(* Let $n\geq 2$ and let $\mathbf{TP}(\alpha_2,\dots,\alpha_n)$ and $\mathbf{TP}'(\alpha_2',\dots,\alpha_n')$ be isomorphic transposed Poisson algebras. Then there exists an automorphism $\varphi$ of the associative algebra $\mu_0^n$, with parameters $A_1,\dots,A_n\in\mathbb{C}$, $A_1\neq 0$, such that for every $2\leq t\leq n$: \[ \sum_{i=2}^{t}\sum_{k_1+\cdots+k_i=t}A_{k_1}\cdots A_{k_i}\,\alpha_i'=\sum_{j=2}^{t}\sum_{i=1}^{t-j+1}\sum_{k_1+k_2=t-i-j+3}(t-2i-j+3)\,A_iA_{k_1}A_{k_2}\,\alpha_j, \] where the inner sums run over positive integers $k_1,k_2,\dots$.
   Context: $\mu_0^n$ is the complex commutative associative algebra with basis $\{e_1,\dots,e_n\}$ and $e_i\cdot e_j=e_{i+j}$ for $2\leq i+j\leq n$, other products zero. Every automorphism $\varphi$ of $\mu_0^n$ has the form $\varphi(e_1)=\sum_{i=1}^nA_ie_i$ and $\varphi(e_i)=\sum_{j=i}^n\sum_{k_1+\cdots+k_i=j}A_{k_1}\cdots A_{k_i}e_j$ for $2\leq i\leq n$, with $A_1\neq0$; $A_1,\dots,A_n$ are called its parameters. For $\alpha_2,\dots,\alpha_n\in\mathbb{C}$, $\mathbf{TP}(\alpha_2,\dots,\alpha_n)$ denotes $\mu_0^n$ with its associative product together with the bracket $[e_i,e_j]=(j-i)\sum_{t=i+j-1}^{n}\alpha_{t-i-j+3}e_t$ for $3\leq i+j\leq n+1$, other brackets of basis elements zero; it is a transposed Poisson algebra (commutative associative product, Lie bracket, and $2z\cdot[x,y]=[z\cdot x,y]+[x,z\cdot y]$). Isomorphisms preserve both operations. *)

theory Defs
  imports Complex_Main
begin

text \<open>The underlying vector space of mu_0^n: complex vectors with coordinates
  indexed by 1..n, represented as functions nat => complex vanishing outside {1..n}.\<close>

definition vspace :: "nat \<Rightarrow> (nat \<Rightarrow> complex) set" where
  "vspace n = {x. \<forall>t. (t < 1 \<or> t > n) \<longrightarrow> x t = 0}"

definition ebasis :: "nat \<Rightarrow> nat \<Rightarrow> complex" where
  "ebasis i = (\<lambda>t. if t = i then 1 else 0)"

text \<open>Associative product of mu_0^n: e_i e_j = e_(i+j) if i+j <= n, else 0
  (bilinear extension).\<close>
definition mu0_mult :: "nat \<Rightarrow> (nat \<Rightarrow> complex) \<Rightarrow> (nat \<Rightarrow> complex) \<Rightarrow> nat \<Rightarrow> complex" where
  "mu0_mult n x y = (\<lambda>t. if 1 \<le> t \<and> t \<le> n then
      (\<Sum>i=1..n. \<Sum>j=1..n. if i + j = t then x i * y j else 0) else 0)"

text \<open>Bracket of TP(alpha_2,...,alpha_n):
  [e_i,e_j] = (j-i) * sum_{t=i+j-1}^{n} alpha_(t-i-j+3) e_t for 3 <= i+j <= n+1,
  other brackets of basis elements zero (bilinear extension).\<close>
definition tp_bracket :: "nat \<Rightarrow> (nat \<Rightarrow> complex) \<Rightarrow> (nat \<Rightarrow> complex) \<Rightarrow> (nat \<Rightarrow> complex) \<Rightarrow> nat \<Rightarrow> complex" where
  "tp_bracket n \<alpha> x y = (\<lambda>t. if 1 \<le> t \<and> t \<le> n then
      (\<Sum>i=1..n. \<Sum>j=1..n.
         if 3 \<le> i + j \<and> i + j \<le> n + 1 \<and> i + j - 1 \<le> t
         then x i * y j * (of_int (int j - int i) * \<alpha> (t + 3 - (i + j)))
         else 0) else 0)"

definition is_linear_on :: "nat \<Rightarrow> ((nat \<Rightarrow> complex) \<Rightarrow> (nat \<Rightarrow> complex)) \<Rightarrow> bool" where
  "is_linear_on n f \<longleftrightarrow>
     (\<forall>x\<in>vspace n. \<forall>y\<in>vspace n. f (\<lambda>t. x t + y t) = (\<lambda>t. f x t + f y t)) \<and>
     (\<forall>c. \<forall>x\<in>vspace n. f (\<lambda>t. c * x t) = (\<lambda>t. c * f x t))"

definition mu0_automorphism :: "nat \<Rightarrow> ((nat \<Rightarrow> complex) \<Rightarrow> (nat \<Rightarrow> complex)) \<Rightarrow> bool" where
  "mu0_automorphism n f \<longleftrightarrow> is_linear_on n f \<and> bij_betw f (vspace n) (vspace n) \<and>
     (\<forall>x\<in>vspace n. \<forall>y\<in>vspace n. f (mu0_mult n x y) = mu0_mult n (f x) (f y))"

definition tp_isomorphism :: "nat \<Rightarrow> (nat \<Rightarrow> complex) \<Rightarrow> (nat \<Rightarrow> complex) \<Rightarrow> ((nat \<Rightarrow> complex) \<Rightarrow> (nat \<Rightarrow> complex)) \<Rightarrow> bool" where
  "tp_isomorphism n \<alpha> \<alpha>' f \<longleftrightarrow> is_linear_on n f \<and> bij_betw f (vspace n) (vspace n) \<and>
     (\<forall>x\<in>vspace n. \<forall>y\<in>vspace n. f (mu0_mult n x y) = mu0_mult n (f x) (f y)) \<and>
     (\<forall>x\<in>vspace n. \<forall>y\<in>vspace n. f (tp_bracket n \<alpha> x y) = tp_bracket n \<alpha>' (f x) (f y))"

definition tp_isomorphic :: "nat \<Rightarrow> (nat \<Rightarrow> complex) \<Rightarrow> (nat \<Rightarrow> complex) \<Rightarrow> bool" where
  "tp_isomorphic n \<alpha> \<alpha>' \<longleftrightarrow> (\<exists>f. tp_isomorphism n \<alpha> \<alpha>' f)"

definition comp_sum :: "(nat \<Rightarrow> complex) \<Rightarrow> nat \<Rightarrow> nat \<Rightarrow> complex" where
  "comp_sum A i t = (\<Sum>ks\<in>{ks. length ks = i \<and> set ks \<subseteq> {1..t} \<and> sum_list ks = t}.
                        prod_list (map A ks))"

end

(* Invert the given isomorphism to get phi : TP(alpha') -> TP(alpha), an automorphism of mu_0^n.
   Since e_i = e_1^i, phi(e_i) = phi(e_1)^i, whose coordinates are the composition sums of the
   parameters A_k = phi(e_1)_k.  The identity is the t-th coordinate of
   phi [e_1, e_2]' = sum_i alpha'_i phi(e_i)  versus  [phi(e_1), phi(e_2)].
   Finally A_1 <> 0 because phi(y)_1 = y_1 A_1 for all y, while e_1 lies in the image of phi. *)

theory Submission
  imports Defs
begin

lemma vspace_zero_outside: "x \<in> vspace n \<Longrightarrow> t = 0 \<or> n < t \<Longrightarrow> x t = 0"
  by (auto simp: vspace_def)

lemma mu0_mult_in_vspace: "mu0_mult n x y \<in> vspace n"
  by (simp add: vspace_def mu0_mult_def not_le)

lemma tp_bracket_in_vspace: "tp_bracket n \<beta> x y \<in> vspace n"
  by (simp add: vspace_def tp_bracket_def not_le)

lemma ebasis_in_vspace: "1 \<le> i \<Longrightarrow> i \<le> n \<Longrightarrow> ebasis i \<in> vspace n"
  by (auto simp: vspace_def ebasis_def)

lemma vspace_add: "x \<in> vspace n \<Longrightarrow> y \<in> vspace n \<Longrightarrow> (\<lambda>t. x t + y t) \<in> vspace n"
  by (auto simp: vspace_def)

lemma vspace_scale: "x \<in> vspace n \<Longrightarrow> (\<lambda>t. c * x t) \<in> vspace n"
  by (auto simp: vspace_def)

lemma vspace_sum: "(\<And>i. i \<in> I \<Longrightarrow> v i \<in> vspace n) \<Longrightarrow> (\<lambda>t. \<Sum>i\<in>I. c i * v i t) \<in> vspace n"
  by (auto simp: vspace_def)

lemma linear_on_add:
  "is_linear_on n f \<Longrightarrow> x \<in> vspace n \<Longrightarrow> y \<in> vspace n \<Longrightarrow> f (\<lambda>t. x t + y t) = (\<lambda>t. f x t + f y t)"
  by (simp add: is_linear_on_def)

lemma linear_on_scale:
  "is_linear_on n f \<Longrightarrow> x \<in> vspace n \<Longrightarrow> f (\<lambda>t. c * x t) = (\<lambda>t. c * f x t)"
  by (simp add: is_linear_on_def)

lemma linear_on_zero: "is_linear_on n f \<Longrightarrow> f (\<lambda>t. 0) = (\<lambda>t. 0)"
  using linear_on_scale[of n f "\<lambda>t. 0" 0] by (simp add: vspace_def)

lemma linear_on_sum:
  assumes f: "is_linear_on n f" and "finite I" and "\<And>i. i \<in> I \<Longrightarrow> v i \<in> vspace n"
  shows "f (\<lambda>t. \<Sum>i\<in>I. c i * v i t) = (\<lambda>t. \<Sum>i\<in>I. c i * f (v i) t)"
  using assms(2,3)
proof (induction I rule: finite_induct)
  case empty
  then show ?case using linear_on_zero[OF f] by simp
next
  case (insert i I)
  then have "f (\<lambda>t. \<Sum>j\<in>insert i I. c j * v j t) = (\<lambda>t. f (\<lambda>t. c i * v i t) t + f (\<lambda>t. \<Sum>j\<in>I. c j * v j t) t)"
    using linear_on_add[OF f, of "\<lambda>t. c i * v i t" "\<lambda>t. \<Sum>j\<in>I. c j * v j t"]
    by (simp add: vspace_scale vspace_sum)
  with insert show ?case by (simp add: linear_on_scale[OF f])
qed

lemma length_le_sum_list: "0 \<notin> set ks \<Longrightarrow> length ks \<le> sum_list (ks :: nat list)"
  by (induction ks) auto

lemma comp_sum_eq_0: "t < i \<Longrightarrow> comp_sum A i t = 0"
  using length_le_sum_list by (fastforce simp: comp_sum_def intro: sum.neutral)

lemma finite_compositions: "finite {ks. length ks = i \<and> set ks \<subseteq> {1..t} \<and> sum_list ks = (t::nat)}"
  by (rule finite_subset[OF _ finite_lists_length_eq[of "{1..t}" i]]) auto

lemma comp_sum_0: "comp_sum A 0 t = (if t = 0 then 1 else 0)"
proof -
  have "{ks. length ks = 0 \<and> set ks \<subseteq> {1..t} \<and> sum_list ks = t} = (if t = 0 then {[]} else {})"
    by auto
  then show ?thesis by (simp add: comp_sum_def)
qed

lemma comp_sum_Suc: "comp_sum A (Suc i) t = (\<Sum>k=1..t. A k * comp_sum A i (t - k))"
proof -
  let ?C = "\<lambda>i t. {ks. length ks = i \<and> set ks \<subseteq> {1..t} \<and> sum_list ks = (t::nat)}"
  have "comp_sum A (Suc i) t = (\<Sum>(k, ks)\<in>Sigma {1..t} (\<lambda>k. ?C i (t - k)). A k * prod_list (map A ks))"
    unfolding comp_sum_def
  proof (rule sum.reindex_bij_witness[where i="\<lambda>(k, ks). k # ks" and j="\<lambda>ks. (hd ks, tl ks)"])
    fix ks assume ks: "ks \<in> ?C (Suc i) t"
    then obtain k ks' where [simp]: "ks = k # ks'" by (cases ks) auto
    have "\<forall>x\<in>set ks'. x \<le> sum_list ks'" using member_le_sum_list by blast
    then show "(hd ks, tl ks) \<in> Sigma {1..t} (\<lambda>k. ?C i (t - k))" using ks by auto
    show "(\<lambda>(k, ks). k # ks) (hd ks, tl ks) = ks" by simp
    show "(\<lambda>(k, ks). A k * prod_list (map A ks)) (hd ks, tl ks) = prod_list (map A ks)" by simp
  qed (auto simp: subset_iff)
  also have "\<dots> = (\<Sum>k=1..t. \<Sum>ks\<in>?C i (t - k). A k * prod_list (map A ks))"
    by (intro sum.Sigma[symmetric] finite_atLeastAtMost ballI finite_compositions)
  also have "\<dots> = (\<Sum>k=1..t. A k * comp_sum A i (t - k))"
    by (simp add: comp_sum_def sum_distrib_left)
  finally show ?thesis .
qed

lemma comp_sum_1: "1 \<le> t \<Longrightarrow> comp_sum A 1 t = A t"
proof -
  assume "1 \<le> t"
  have "comp_sum A 1 t = (\<Sum>k=1..t. A k * comp_sum A 0 (t - k))"
    using comp_sum_Suc[of A 0 t] by simp
  also have "\<dots> = (\<Sum>k=1..t. if k = t then A k else 0)"
    by (rule sum.cong) (auto simp: comp_sum_0)
  also have "\<dots> = A t" using \<open>1 \<le> t\<close> by simp
  finally show ?thesis .
qed

lemma mu0_mult_apply:
  "1 \<le> t \<Longrightarrow> t \<le> n \<Longrightarrow> mu0_mult n x y t = (\<Sum>a=1..<t. x a * y (t - a))"
proof -
  assume t: "1 \<le> t" "t \<le> n"
  have "mu0_mult n x y t = (\<Sum>a=1..n. \<Sum>b=1..n. if b = t - a \<and> a < t then x a * y b else 0)"
    using t unfolding mu0_mult_def by (auto intro!: sum.cong)
  also have "\<dots> = (\<Sum>a=1..n. if a < t then x a * y (t - a) else 0)"
    using t by (intro sum.cong refl) (auto simp: sum.delta')
  also have "\<dots> = (\<Sum>a=1..<t. x a * y (t - a))"
    using t by (intro sum.mono_neutral_cong_right) auto
  finally show ?thesis .
qed

lemma mu0_mult_ebasis1:
  "mu0_mult n (ebasis 1) x = (\<lambda>t. if 2 \<le> t \<and> t \<le> n then x (t - 1) else 0)"
proof
  fix t
  show "mu0_mult n (ebasis 1) x t = (if 2 \<le> t \<and> t \<le> n then x (t - 1) else 0)"
  proof (cases "1 \<le> t \<and> t \<le> n")
    case True
    then have "mu0_mult n (ebasis 1) x t = (\<Sum>a=1..<t. ebasis 1 a * x (t - a))"
      by (simp add: mu0_mult_apply)
    also have "\<dots> = (\<Sum>a=1..<t. if a = 1 then x (t - a) else 0)"
      by (rule sum.cong) (simp_all add: ebasis_def)
    finally show ?thesis using True by (simp add: sum.delta)
  qed (auto simp: mu0_mult_def)
qed

lemma ebasis_Suc: "1 \<le> i \<Longrightarrow> Suc i \<le> n \<Longrightarrow> ebasis (Suc i) = mu0_mult n (ebasis 1) (ebasis i)"
  unfolding mu0_mult_ebasis1 by (auto simp: ebasis_def fun_eq_iff)

lemma mu0_hom_ebasis:
  assumes mult: "\<forall>x\<in>vspace n. \<forall>y\<in>vspace n. \<phi> (mu0_mult n x y) = mu0_mult n (\<phi> x) (\<phi> y)"
  shows "1 \<le> i \<Longrightarrow> i \<le> n \<Longrightarrow> 1 \<le> t \<Longrightarrow> t \<le> n \<Longrightarrow> \<phi> (ebasis i) t = comp_sum (\<phi> (ebasis 1)) i t"
proof (induction i arbitrary: t rule: nat_induct_at_least)
  case base
  then show ?case using comp_sum_1[of t "\<phi> (ebasis 1)"] by simp
next
  case (Suc i)
  let ?A = "\<phi> (ebasis 1)"
  have "\<phi> (ebasis (Suc i)) t = mu0_mult n ?A (\<phi> (ebasis i)) t"
    using Suc mult ebasis_in_vspace[of 1 n] ebasis_in_vspace[of i n] by (simp add: ebasis_Suc)
  also have "\<dots> = (\<Sum>a=1..<t. ?A a * \<phi> (ebasis i) (t - a))"
    using Suc by (simp add: mu0_mult_apply)
  also have "\<dots> = (\<Sum>a=1..<t. ?A a * comp_sum ?A i (t - a))"
    using Suc by (intro sum.cong refl) auto
  also have "\<dots> = (\<Sum>a=1..t. ?A a * comp_sum ?A i (t - a))"
    using Suc by (simp add: sum.last_plus comp_sum_eq_0)
  also have "\<dots> = comp_sum ?A (Suc i) t"
    by (simp add: comp_sum_Suc)
  finally show ?case .
qed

--------------------

Copy out every line from the material above in which the word "assumes" appears.

Output for this task:
  assumes f: "is_linear_on n f" and "finite I" and "\<And>i. i \<in> I \<Longrightarrow> v i \<in> vspace n"
  assumes mult: "\<forall>x\<in>vspace n. \<forall>y\<in>vspace n. \<phi> (mu0_mult n x y) = mu0_mult n (\<phi> x) (\<phi> y)"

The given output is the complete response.